The United States Supreme Court vacated the original decision in Real Truth for further consideration in light of Citizens United v. Federal Election Commission, 558 U.S. 310, 130 S.Ct. 876, 175 L.Ed.2d 753 (2010). The Real Truth About Obama, Inc. v. Federal Election Commission, 559 U.S. 1089, 130 S.Ct. 2371, 176 L.Ed.2d 764 (2010). The Fourth Circuit, however, reissued its opinion on Parts I and II of its opinion. The Real Truth About Obama, Inc. v. Federal Election Commission, 607 F.3d 355 (4th Cir. 2010).
For the reasons fully explained above, the undersigned has recommended that Plaintiff's Complaint be dismissed for failure to exhaust. Accordingly, the undersigned finds that Plaintiff's request for a temporary restraining order and injunctive relief should be denied as she cannot establish that she is likely to succeed on the merits.
PROPOSAL AND RECOMMENDATION
The undersigned therefore respectfully PROPOSES that the District Court confirm and accept the foregoing findings and RECOMMENDS that the District Court DENY Plaintiff's “Motion Requesting Waiving Exhaustion” (Document No. 1, pp. 3 - 4), DENY Plaintiff's “Motion for Temporary Restraining Order Pursuant to § 65(b)” (Document No. 3), DISMISS Plaintiff's Complaint (Document No. 1, pp. 1 - 2), and remove this matter from the Court's docket.

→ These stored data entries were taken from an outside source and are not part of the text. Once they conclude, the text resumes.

(* Let $\alpha\in(0,1)\cup(1,\infty)$, let $\rho_{AB}$ be a state on a finite-dimensional $\mathcal{H}_A\otimes\mathcal{H}_B$, and let $U_A$, $V_B$ be unitaries on $\mathcal{H}_A$ and $\mathcal{H}_B$. Then $D^\alpha(\overline{A};B)_{(U_A\otimes V_B)\rho_{AB}(U_A\otimes V_B)^\dagger}=D^\alpha(\overline{A};B)_\rho$.
   Context: All Hilbert spaces are finite-dimensional, $\log$ is natural. For a positive semi-definite $M$ and function $f$, $f(M)$ applies $f$ only to nonzero eigenvalues (negative powers are generalized inverses). For a state $\rho_{ABE}$ and $\alpha\in(0,1)\cup(1,\infty)$, $$I_\alpha(A;B|E)_\rho=\frac{\alpha}{\alpha-1}\log\mathrm{Tr}\Big\{\Big(\rho_E^{(\alpha-1)/2}\,\mathrm{Tr}_A\big\{\rho_{AE}^{(1-\alpha)/2}\rho_{ABE}^{\alpha}\rho_{AE}^{(1-\alpha)/2}\big\}\,\rho_E^{(\alpha-1)/2}\Big)^{1/\alpha}\Big\}.$$ The Rényi quantum discord of $\rho_{AB}$ is $D^\alpha(\overline{A};B)_\rho=\inf_{\{\Lambda_x\}}I_\alpha(E;B|X)_\omega$, the infimum over POVMs $\{\Lambda_x\}$ on $\mathcal{H}_A$, where $\omega_{EXB}=U_{A\to EX}\rho_{AB}U_{A\to EX}^\dagger$ and $U_{A\to EX}$ is an isometric extension of the measurement channel $\sigma\mapsto\sum_x\mathrm{Tr}\{\Lambda_x\sigma\}|x\rangle\langle x|_X$ (the same formula is used for every $\alpha\neq1$). *)

theory Defs
  imports "Jordan_Normal_Form.Schur_Decomposition" "HOL-Library.Extended_Real"
begin

text \<open>A composite system C^m (x) C^n is
C^(m*n) with the index of basis vector |i>|j> being i*n+j (Kronecker convention).\<close>

definition mtrace :: "complex mat \<Rightarrow> complex" where
  "mtrace M = (\<Sum>i<dim_row M. M $$ (i, i))"

definition kron :: "complex mat \<Rightarrow> complex mat \<Rightarrow> complex mat" where
  "kron A B = mat (dim_row A * dim_row B) (dim_col A * dim_col B)
     (\<lambda>(i, j). A $$ (i div dim_row B, j div dim_col B) * B $$ (i mod dim_row B, j mod dim_col B))"

text \<open>Swap operator C^m (x) C^n -> C^n (x) C^m, |i>|j> |-> |j>|i>.\<close>
definition swap_mat :: "nat \<Rightarrow> nat \<Rightarrow> complex mat" where
  "swap_mat m n = mat (m * n) (m * n)
     (\<lambda>(r, c). if r = (c mod n) * m + c div n then 1 else 0)"

definition ptrace_left :: "nat \<Rightarrow> nat \<Rightarrow> complex mat \<Rightarrow> complex mat" where
  "ptrace_left m n M = mat n n (\<lambda>(i, j). \<Sum>a<m. M $$ (a * n + i, a * n + j))"

definition ptrace_mid :: "nat \<Rightarrow> nat \<Rightarrow> nat \<Rightarrow> complex mat \<Rightarrow> complex mat" where
  "ptrace_mid a b e M = mat (a * e) (a * e)
     (\<lambda>(i, j). \<Sum>k<b. M $$ (((i div e) * b + k) * e + i mod e, ((j div e) * b + k) * e + j mod e))"

text \<open>X_{AE} (x) 1_B, as an operator on C^a (x) C^b (x) C^e.\<close>
definition embed_mid :: "nat \<Rightarrow> nat \<Rightarrow> nat \<Rightarrow> complex mat \<Rightarrow> complex mat" where
  "embed_mid a b e X = mat (a * b * e) (a * b * e)
     (\<lambda>(i, j). if (i div e) mod b = (j div e) mod b
               then X $$ ((i div e) div b * e + i mod e, (j div e) div b * e + j mod e) else 0)"

definition hermitian :: "complex mat \<Rightarrow> bool" where
  "hermitian M \<longleftrightarrow> square_mat M \<and> mat_adjoint M = M"

definition psd :: "complex mat \<Rightarrow> bool" where
  "psd M \<longleftrightarrow> hermitian M \<and>
     (\<forall>v \<in> carrier_vec (dim_row M). 0 \<le> Re (conjugate v \<bullet> (M *\<^sub>v v)))"

definition unitary :: "nat \<Rightarrow> complex mat \<Rightarrow> bool" where
  "unitary n U \<longleftrightarrow> U \<in> carrier_mat n n \<and> mat_adjoint U * U = 1\<^sub>m n \<and> U * mat_adjoint U = 1\<^sub>m n"

definition density :: "nat \<Rightarrow> complex mat \<Rightarrow> bool" where
  "density n \<rho> \<longleftrightarrow> \<rho> \<in> carrier_mat n n \<and> psd \<rho> \<and> mtrace \<rho> = 1"

definition diag_of :: "nat \<Rightarrow> (nat \<Rightarrow> real) \<Rightarrow> complex mat" where
  "diag_of n d = mat n n (\<lambda>(i, j). if i = j then complex_of_real (d i) else 0)"

text \<open>Functional calculus f(M) for Hermitian M, where f is applied only to
the nonzero eigenvalues (zero eigenvalues are mapped to 0). Defined through a
spectral decomposition M = W diag(d) W^dagger; the result does not depend on the
chosen decomposition.\<close>
definition mfun :: "(real \<Rightarrow> real) \<Rightarrow> complex mat \<Rightarrow> complex mat" where
  "mfun f M = (SOME N. \<exists>W d. unitary (dim_row M) W \<and>
       M = W * diag_of (dim_row M) d * mat_adjoint W \<and>
       N = W * diag_of (dim_row M) (\<lambda>i. if d i = 0 then 0 else f (d i)) * mat_adjoint W)"

definition mpow :: "complex mat \<Rightarrow> real \<Rightarrow> complex mat" where
  "mpow M p = mfun (\<lambda>t. t powr p) M"

text \<open>Renyi conditional mutual information I_alpha(A;B|E)_rho for rho on
C^a (x) C^b (x) C^e (ordering A, B, E).\<close>
definition renyi_cmi :: "real \<Rightarrow> nat \<Rightarrow> nat \<Rightarrow> nat \<Rightarrow> complex mat \<Rightarrow> real" where
  "renyi_cmi \<alpha> a b e \<rho> =
    (let \<rho>AE = ptrace_mid a b e \<rho>;
         \<rho>E = ptrace_left (a * b) e \<rho>;
         S = embed_mid a b e (mpow \<rho>AE ((1 - \<alpha>) / 2));
         inner = ptrace_left a (b * e) (S * mpow \<rho> \<alpha> * S);
         T = kron (1\<^sub>m b) (mpow \<rho>E ((\<alpha> - 1) / 2));
         outer = T * inner * T
     in \<alpha> / (\<alpha> - 1) * ln (Re (mtrace (mpow outer (1 / \<alpha>)))))"

definition povm :: "nat \<Rightarrow> nat \<Rightarrow> (nat \<Rightarrow> complex mat) \<Rightarrow> bool" where
  "povm d n \<Lambda> \<longleftrightarrow> (\<forall>x<n. \<Lambda> x \<in> carrier_mat d d \<and> psd (\<Lambda> x)) \<and>
     mat d d (\<lambda>(i, j). \<Sum>x<n. \<Lambda> x $$ (i, j)) = 1\<^sub>m d"

definition meas_channel :: "nat \<Rightarrow> (nat \<Rightarrow> complex mat) \<Rightarrow> complex mat \<Rightarrow> complex mat" where
  "meas_channel n \<Lambda> \<sigma> = mat n n (\<lambda>(i, j). if i = j then mtrace (\<Lambda> i * \<sigma>) else 0)"

text \<open>V : C^d -> C^dE (x) C^n (ordering E, X) is an isometric extension of the
measurement channel.\<close>
definition iso_ext :: "nat \<Rightarrow> nat \<Rightarrow> (nat \<Rightarrow> complex mat) \<Rightarrow> nat \<Rightarrow> complex mat \<Rightarrow> bool" where
  "iso_ext d n \<Lambda> dE V \<longleftrightarrow> V \<in> carrier_mat (dE * n) d \<and> mat_adjoint V * V = 1\<^sub>m d \<and>
     (\<forall>\<sigma> \<in> carrier_mat d d. ptrace_left dE n (V * \<sigma> * mat_adjoint V) = meas_channel n \<Lambda> \<sigma>)"

text \<open>For rho_AB on C^dA (x) C^dB and isometry V_{A->EX}: the state omega
reordered as E (x) B (x) X, and I_alpha(E;B|X)_omega.\<close>
definition discord_obj :: "real \<Rightarrow> nat \<Rightarrow> nat \<Rightarrow> complex mat \<Rightarrow> nat \<Rightarrow> nat \<Rightarrow> complex mat \<Rightarrow> real" where
  "discord_obj \<alpha> dA dB \<rho> n dE V =
    (let \<omega>EXB = kron V (1\<^sub>m dB) * \<rho> * mat_adjoint (kron V (1\<^sub>m dB));
         P = kron (1\<^sub>m dE) (swap_mat n dB);
         \<omega>EBX = P * \<omega>EXB * mat_adjoint P
     in renyi_cmi \<alpha> dE dB n \<omega>EBX)"

definition renyi_discord :: "real \<Rightarrow> nat \<Rightarrow> nat \<Rightarrow> complex mat \<Rightarrow> ereal" where
  "renyi_discord \<alpha> dA dB \<rho> =
    (INF q \<in> {(n, \<Lambda>, dE, V). povm dA n \<Lambda> \<and> iso_ext dA n \<Lambda> dE V}.
        ereal (case q of (n, \<Lambda>, dE, V) \<Rightarrow> discord_obj \<alpha> dA dB \<rho> n dE V))"

end

theory Submission
  imports Defs "Jordan_Normal_Form.Spectral_Radius"
begin

text \<open>Measuring system \<open>A\<close> of \<open>(U \<otimes> V) \<rho> (U \<otimes> V)\<^sup>\<dagger>\<close> with a POVM \<open>{\<Lambda>\<^sub>x}\<close> and an
isometric extension \<open>W\<close> yields the same state as measuring \<open>\<rho>\<close> with the POVM
\<open>{U\<^sup>\<dagger> \<Lambda>\<^sub>x U}\<close> and the extension \<open>W U\<close>, followed by the unitary \<open>V\<close> on \<open>B\<close>; with
\<open>U\<^sup>\<dagger>\<close> in place of \<open>U\<close> every measurement of \<open>\<rho>\<close> arises this way. So both infima
range over the same values once \<open>I\<^sub>\<alpha>(E;B|X)\<close> is known to be invariant under a unitary
\<open>1 \<otimes> V \<otimes> 1\<close> on the middle system. That holds because the marginals on \<open>EX\<close> and \<open>X\<close>
are unchanged, the operator built from the \<open>EX\<close>-marginal acts trivially on \<open>B\<close> and
hence commutes with \<open>1 \<otimes> V \<otimes> 1\<close>, after tracing out \<open>E\<close> the remaining conjugation by
\<open>V \<otimes> 1\<close> commutes with the operator built from the \<open>X\<close>-marginal, and the trace of a
matrix function is unitarily invariant. The last point needs the functional calculus,
defined through an arbitrary spectral decomposition, to be well defined and unitarily
covariant; this rests on the spectral theorem for Hermitian matrices, proved by
eigenvector deflation.\<close>

lemma index_mult_mat_sum:
  assumes "i < dim_row A" "j < dim_col B" "dim_col A = dim_row B"
  shows "(A * B) $$ (i,j) = (\<Sum>l<dim_col A. A $$ (i,l) * B $$ (l,j))"
  using assms by (auto simp: scalar_prod_def atLeast0LessThan intro!: sum.cong)

declare index_mult_mat(1)[simp del] index_mult_mat_sum[simp]

lemma mat_adjoint_eq: "mat_adjoint (A::complex mat) = mat (dim_col A) (dim_row A) (\<lambda>(i,j). cnj (A $$ (j,i)))"
  by (rule eq_matI) (auto simp: mat_adjoint_def mat_of_rows_def)

lemma dim_mat_adjoint[simp]:
  "dim_row (mat_adjoint (A::complex mat)) = dim_col A" "dim_col (mat_adjoint (A::complex mat)) = dim_row A"
  by (auto simp: mat_adjoint_eq)

lemma index_mat_adjoint[simp]:
  "i < dim_col A \<Longrightarrow> j < dim_row A \<Longrightarrow> mat_adjoint (A::complex mat) $$ (i,j) = cnj (A $$ (j,i))"
  by (simp add: mat_adjoint_eq)

lemma mat_adjoint_carrier[simp]: "(A::complex mat) \<in> carrier_mat n m \<Longrightarrow> mat_adjoint A \<in> carrier_mat m n"
  by auto

lemma mat_adjoint_mat_adjoint[simp]: "mat_adjoint (mat_adjoint A) = (A::complex mat)"
  by (rule eq_matI) auto

lemma mat_adjoint_one[simp]: "mat_adjoint (1\<^sub>m n) = (1\<^sub>m n :: complex mat)"
  by (rule eq_matI) auto

lemma mat_adjoint_mult:
  fixes A B :: "complex mat"
  assumes "dim_col A = dim_row B"
  shows "mat_adjoint (A * B) = mat_adjoint B * mat_adjoint A"
proof (rule eq_matI)
  fix i j assume "i < dim_row (mat_adjoint B * mat_adjoint A)" "j < dim_col (mat_adjoint B * mat_adjoint A)"
  then have i: "i < dim_col B" and j: "j < dim_row A" by auto
  have "mat_adjoint (A * B) $$ (i,j) = (\<Sum>l<dim_col A. cnj (A $$ (j,l)) * cnj (B $$ (l,i)))"
    using i j assms by (simp add: cnj_sum)
  also have "\<dots> = (mat_adjoint B * mat_adjoint A) $$ (i,j)"
    using i j assms by (auto intro!: sum.cong simp: mult.commute)
  finally show "mat_adjoint (A * B) $$ (i,j) = (mat_adjoint B * mat_adjoint A) $$ (i,j)" .
qed auto

lemma assoc_mult_mat_dims:
  assumes "dim_col (A::complex mat) = dim_row B" "dim_col B = dim_row C"
  shows "A * B * C = A * (B * C)"
proof -
  have "A \<in> carrier_mat (dim_row A) (dim_row B)" "B \<in> carrier_mat (dim_row B) (dim_row C)"
    using assms by (auto intro: carrier_matI)
  then show ?thesis using assoc_mult_mat carrier_mat_triv by blast
qed

lemma conj_mult_conj:
  fixes A B M :: "complex mat"
  assumes "A \<in> carrier_mat p q" "B \<in> carrier_mat q r" "M \<in> carrier_mat r r"
  shows "A * (B * M * mat_adjoint B) * mat_adjoint A = (A * B) * M * mat_adjoint (A * B)"
  using assms by (simp add: assoc_mult_mat_dims mat_adjoint_mult)

lemma self_adjoint_conj:
  fixes M W :: "complex mat"
  assumes "M \<in> carrier_mat n n" "mat_adjoint M = M" "W \<in> carrier_mat m n"
  shows "mat_adjoint (W * M * mat_adjoint W) = W * M * mat_adjoint W"
  using assms by (simp add: mat_adjoint_mult assoc_mult_mat_dims)

lemma hermitian_entry:
  assumes "hermitian M" "i < dim_row M" "j < dim_row M"
  shows "M $$ (i,j) = cnj (M $$ (j,i))"
proof -
  have "dim_col M = dim_row M" using assms(1) by (auto simp: hermitian_def square_mat.simps)
  then have "mat_adjoint M $$ (i,j) = cnj (M $$ (j,i))" using assms by simp
  then show ?thesis using assms(1) by (simp add: hermitian_def)
qed
lemma actG_Cons:
  fixes s t :: "'e::finite \<Rightarrow> 'j::finite" and cs :: "nat \<Rightarrow> _ \<Rightarrow> 'k::field"
  assumes w: "w = l + fst (ins ! i) + r"
  shows "actG s t ins ((l, i, r) # Ls) w cs (p, q) =
    (\<Sum>z\<in>paths s t (l + snd (ins ! i) + r).
       if layer_ok s t l r (fst (ins ! i)) (snd (ins ! i)) p z
       then cs i (subpath t l (fst (ins ! i)) p, subpath t l (snd (ins ! i)) z) *
            actG s t ins Ls (l + snd (ins ! i) + r) cs (z, q)
       else 0)"
proof -
  define m n where "m = fst (ins ! i)" and "n = snd (ins ! i)"
  let ?w' = "l + n + r"
  let ?F = "\<lambda>z. cs i (subpath t l m p, subpath t l n z)"
  let ?G = "\<lambda>\<sigma>s. \<Prod>u<length Ls. cs (case Ls ! u of (l, i, r) \<Rightarrow> i) (box_state t ins Ls \<sigma>s u)"
  let ?T = "{\<sigma>s \<in> gma_states s t ins Ls ?w'. layer_ok s t l r m n p (\<sigma>s ! 0) \<and> last \<sigma>s = q}"
  have weight_Cons: "(\<Prod>u<Suc (length Ls). cs (case ((l, i, r) # Ls) ! u of (l, i, r) \<Rightarrow> i)
      (box_state t ins ((l, i, r) # Ls) (p # \<sigma>s) u)) = ?F (\<sigma>s ! 0) * ?G \<sigma>s" for \<sigma>s
    unfolding prod.lessThan_Suc_shift
    by (simp add: box_state_def m_def n_def del: prod.lessThan_Suc)
  have "actG s t ins ((l, i, r) # Ls) w cs (p, q) = (\<Sum>\<sigma>s\<in>?T. ?F (\<sigma>s ! 0) * ?G \<sigma>s)"
    unfolding actG_def gma_states_Cons_from[OF w]
    by (simp add: sum.reindex weight_Cons m_def n_def del: prod.lessThan_Suc length_Cons)
  also have "\<dots> = (\<Sum>z\<in>paths s t ?w'. \<Sum>\<sigma>s\<in>{\<sigma>s \<in> ?T. \<sigma>s ! 0 = z}. ?F (\<sigma>s ! 0) * ?G \<sigma>s)"
    by (rule sum.group[symmetric])
       (auto simp: gma_states_def finite_paths intro: finite_subset[OF _ finite_gma_states])
  also have "\<dots> = (\<Sum>z\<in>paths s t ?w'.
      if layer_ok s t l r m n p z then ?F z * actG s t ins Ls ?w' cs (z, q) else 0)"
  proof (rule sum.cong[OF refl])
    fix z
    have "{\<sigma>s \<in> ?T. \<sigma>s ! 0 = z} = (if layer_ok s t l r m n p z
        then {\<sigma>s \<in> gma_states s t ins Ls ?w'. \<sigma>s ! 0 = z \<and> last \<sigma>s = q} else {})"
      by auto
    then show "(\<Sum>\<sigma>s\<in>{\<sigma>s \<in> ?T. \<sigma>s ! 0 = z}. ?F (\<sigma>s ! 0) * ?G \<sigma>s) =
        (if layer_ok s t l r m n p z then ?F z * actG s t ins Ls ?w' cs (z, q) else 0)"
      by (simp add: actG_def sum_distrib_left)
  qed
  finally show ?thesis unfolding m_def n_def .
qed

lemma actP_layers_eq_sum_actG:
  fixes s t :: "'e::finite \<Rightarrow> 'j::finite"
    and fs :: "nat \<Rightarrow> (('j \<times> 'e list \<Rightarrow> 'k::field) \<Rightarrow> ('j \<times> 'e list \<Rightarrow> 'k))"
    and ins :: "(nat \<times> nat) list"
  defines "cs \<equiv> \<lambda>i. matrix_coeffs (fst (ins ! i)) (snd (ins ! i)) (fs i)"
  assumes "widths_ok ins w Ls n0" and "x \<in> tpow s t w"
  shows "actP_layers s t ins fs Ls x q = (\<Sum>p\<in>paths s t w. x p * actG s t ins Ls w cs (p, q))"
  using assms(2,3)
proof (induction Ls arbitrary: w x)
  case Nil
  have "x q = 0" if "q \<notin> paths s t w"
    using Nil.prems(2) that unfolding tpow_def by blast
  then show ?case
    by (auto simp: actG_Nil finite_paths if_distrib cong: if_cong)
next
  case (Cons L Ls)
  obtain l i r where L: "L = (l, i, r)" by (cases L)
  define m n where "m = fst (ins ! i)" and "n = snd (ins ! i)"
  have w: "w = l + m + r" and widths: "widths_ok ins (l + n + r) Ls n0"
    using Cons.prems(1) by (auto simp: L m_def n_def)
  let ?A = "\<lambda>z. actG s t ins Ls (l + n + r) cs (z, q)"
  let ?c = "\<lambda>p z. cs i (subpath t l m p, subpath t l n z)"
  define y where "y = layer_app s t l r m n (fs i) x"
  have "y \<in> tpow s t (l + n + r)" by (auto simp: y_def layer_app_def tpow_def)
  then have "actP_layers s t ins fs (L # Ls) x q = (\<Sum>z\<in>paths s t (l + n + r). y z * ?A z)"
    using Cons.IH[OF widths] by (simp add: L y_def m_def n_def)
  also have "\<dots> = (\<Sum>z\<in>paths s t (l + n + r). \<Sum>p\<in>paths s t w.
      if layer_ok s t l r m n p z then x p * (?c p z * ?A z) else 0)"
    by (intro sum.cong refl)
       (auto simp: y_def layer_app_eq_sum_layer_ok w cs_def m_def n_def sum_distrib_right
         intro!: sum.cong)
  also have "\<dots> = (\<Sum>p\<in>paths s t w. \<Sum>z\<in>paths s t (l + n + r).
      if layer_ok s t l r m n p z then x p * (?c p z * ?A z) else 0)"
    by (rule sum.swap)
  also have "\<dots> = (\<Sum>p\<in>paths s t w. x p * actG s t ins (L # Ls) w cs (p, q))"
    unfolding L actG_Cons[OF w[unfolded m_def]]
    by (auto simp: sum_distrib_left m_def n_def intro!: sum.cong)
  finally show ?case .
qed
lemma preactivation_hop:
  assumes "b < 4 * R"
  shows "(\<Sum>c<tf_dim M. tf_W1 M b c * v c) =
      (if b mod 4 = 0 then v (table_coord R (b div 4 + 1)) else 0)
    + (if b mod 4 = 2 then (real k + 1) * v (avg_coord R (b div 4 + 1)) else 0)
    + 4 * real N * (real k + 1) * v (sel_coord R (b div 4 + 1))
    + (if 2 \<le> b mod 4 then 4 * real N * (real k + 1) * v (pos_coord R k) else 0)"
proof -
  have "b div 4 < R"
    using assms by simp
  then have "table_coord R (b div 4 + 1) < tf_dim M" "avg_coord R (b div 4 + 1) < tf_dim M"
      "sel_coord R (b div 4 + 1) < tf_dim M" "pos_coord R k < tf_dim M"
    using k_pos by (simp_all add: dim_hop_transformer coord_defs)
  moreover have "tf_W1 M b c =
      (if b mod 4 = 0 \<and> c = table_coord R (b div 4 + 1) then 1 else 0)
    + (if b mod 4 = 2 \<and> c = avg_coord R (b div 4 + 1) then real k + 1 else 0)
    + (if c = sel_coord R (b div 4 + 1) then 4 * real N * (real k + 1) else 0)
    + (if 2 \<le> b mod 4 \<and> c = pos_coord R k then 4 * real N * (real k + 1) else 0)" for c
    by (simp add: hop_transformer_def)
  ultimately show ?thesis
    by (simp only: distrib_right sum.distrib sum_if_eq_mult sum_if_eq_mult[where P = True, simplified]
        finite_lessThan lessThan_iff) simp
qed

lemma mlp_hop_const: "mlp M v 0 = 0"
  by (simp add: mlp_def hop_transformer_def)

lemma mlp_hop_answer:
  "mlp M v 1 = (\<Sum>r = 1..R. relu_gate (4 * real N * (real k + 1)) (v (table_coord R r))
      ((real k + 1) * v (avg_coord R r)) (v (sel_coord R r)) (v (pos_coord R k)))"
  (is "_ = (\<Sum>r = 1..R. ?gate r)")
proof -
  define neuron where "neuron b = tf_W2 M 1 b * relu ((\<Sum>c<tf_dim M. tf_W1 M b c * v c) + tf_b1 M b)" for b
  have "tf_width M = 4 * R"
    by (simp add: hop_transformer_def)
  then have "mlp M v 1 = (\<Sum>b<4 * R. neuron b)"
    by (simp add: mlp_def neuron_def)
  also have "\<dots> = (\<Sum>r<R. ?gate (r + 1))"
    unfolding sum_lessThan_4_blocks
  proof (rule sum.cong)
    fix r assume "r \<in> {..<R}"
    then have block: "4 * r < 4 * R" "4 * r + 1 < 4 * R" "4 * r + 2 < 4 * R" "4 * r + 3 < 4 * R"
      by auto
    have "(4 * r) div 4 = r" "(4 * r + 1) div 4 = r" "(4 * r + 2) div 4 = r" "(4 * r + 3) div 4 = r"
        "(4 * r) mod 4 = 0" "(4 * r + 1) mod 4 = 1" "(4 * r + 2) mod 4 = 2" "(4 * r + 3) mod 4 = 3"
      by presburger+
    then show "neuron (4 * r) + neuron (4 * r + 1) + neuron (4 * r + 2) + neuron (4 * r + 3) = ?gate (r + 1)"
      unfolding neuron_def preactivation_hop[OF block(1)] preactivation_hop[OF block(2)]
        preactivation_hop[OF block(3)] preactivation_hop[OF block(4)] relu_gate_def
      by (simp add: hop_transformer_def algebra_simps)
  qed simp
  also have "\<dots> = (\<Sum>r = 1..R. ?gate r)"
    unfolding One_nat_def sum.atLeast1_atMost_eq by simp
  finally show ?thesis .
qed

lemma logit_hop:
  "logit M xs (Subj s) =
     2 * real s * tf_output M xs (length xs - 1) 1 - real s ^ 2 * tf_output M xs (length xs - 1) 0"
  "logit M xs (Rel r) = - tf_output M xs (length xs - 1) 0"
proof -
  have "logit M xs t = (\<Sum>a\<in>{0, 1}. tf_unemb M t a * tf_output M xs (length xs - 1) a)" for t
    unfolding logit_def
    by (rule sum.mono_neutral_right) (auto simp: hop_transformer_def split: tok.split)
  then show "logit M xs (Subj s) =
      2 * real s * tf_output M xs (length xs - 1) 1 - real s ^ 2 * tf_output M xs (length xs - 1) 0"
    and "logit M xs (Rel r) = - tf_output M xs (length xs - 1) 0"
    by (simp_all add: hop_transformer_def)
qed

The Plaintiff is hereby notified that this “Proposed Findings and Recommendation” is hereby FILED, and a copy will be submitted to the Honorable United States District Judge David A. Faber. Pursuant to the provisions of Title 28, United States Code, Section 636(b)(1)(B), and Rule 6(d) and 72(b), Federal Rules of Civil Procedure, the parties shall have fourteen (14) days (filing of objections) and three (3) days (if received by mail) from the date of filing of this Findings and Recommendation within which to file with the Clerk of this Court specific written objections identifying the portions of the Findings and Recommendation to which objection is made and the basis of such objection. Extension of this time period may be granted for good cause.
Failure to file written objections as set forth above shall constitute a waiver of de novo review by the District Court and a waiver of appellate review by the Circuit Court of Appeals. Snyder v. Ridenour, 889 F.2d 1363, 1366 (4th Cir. 1989); Thomas v. Arn, 474 U.S. 140, 155 (1985); Wright v. Collins, 766 F.2d 841, 846 (4th Cir. 1985); United States v. Schronce, 727 F.2d 91, 94 (4th Cir. 1984). Copies of such objections shall be served on opposing parties, District Judge Faber and this Magistrate Judge.
The Clerk is requested to send a copy of this Proposed Findings and Recommendation to Plaintiff, who is acting pro se.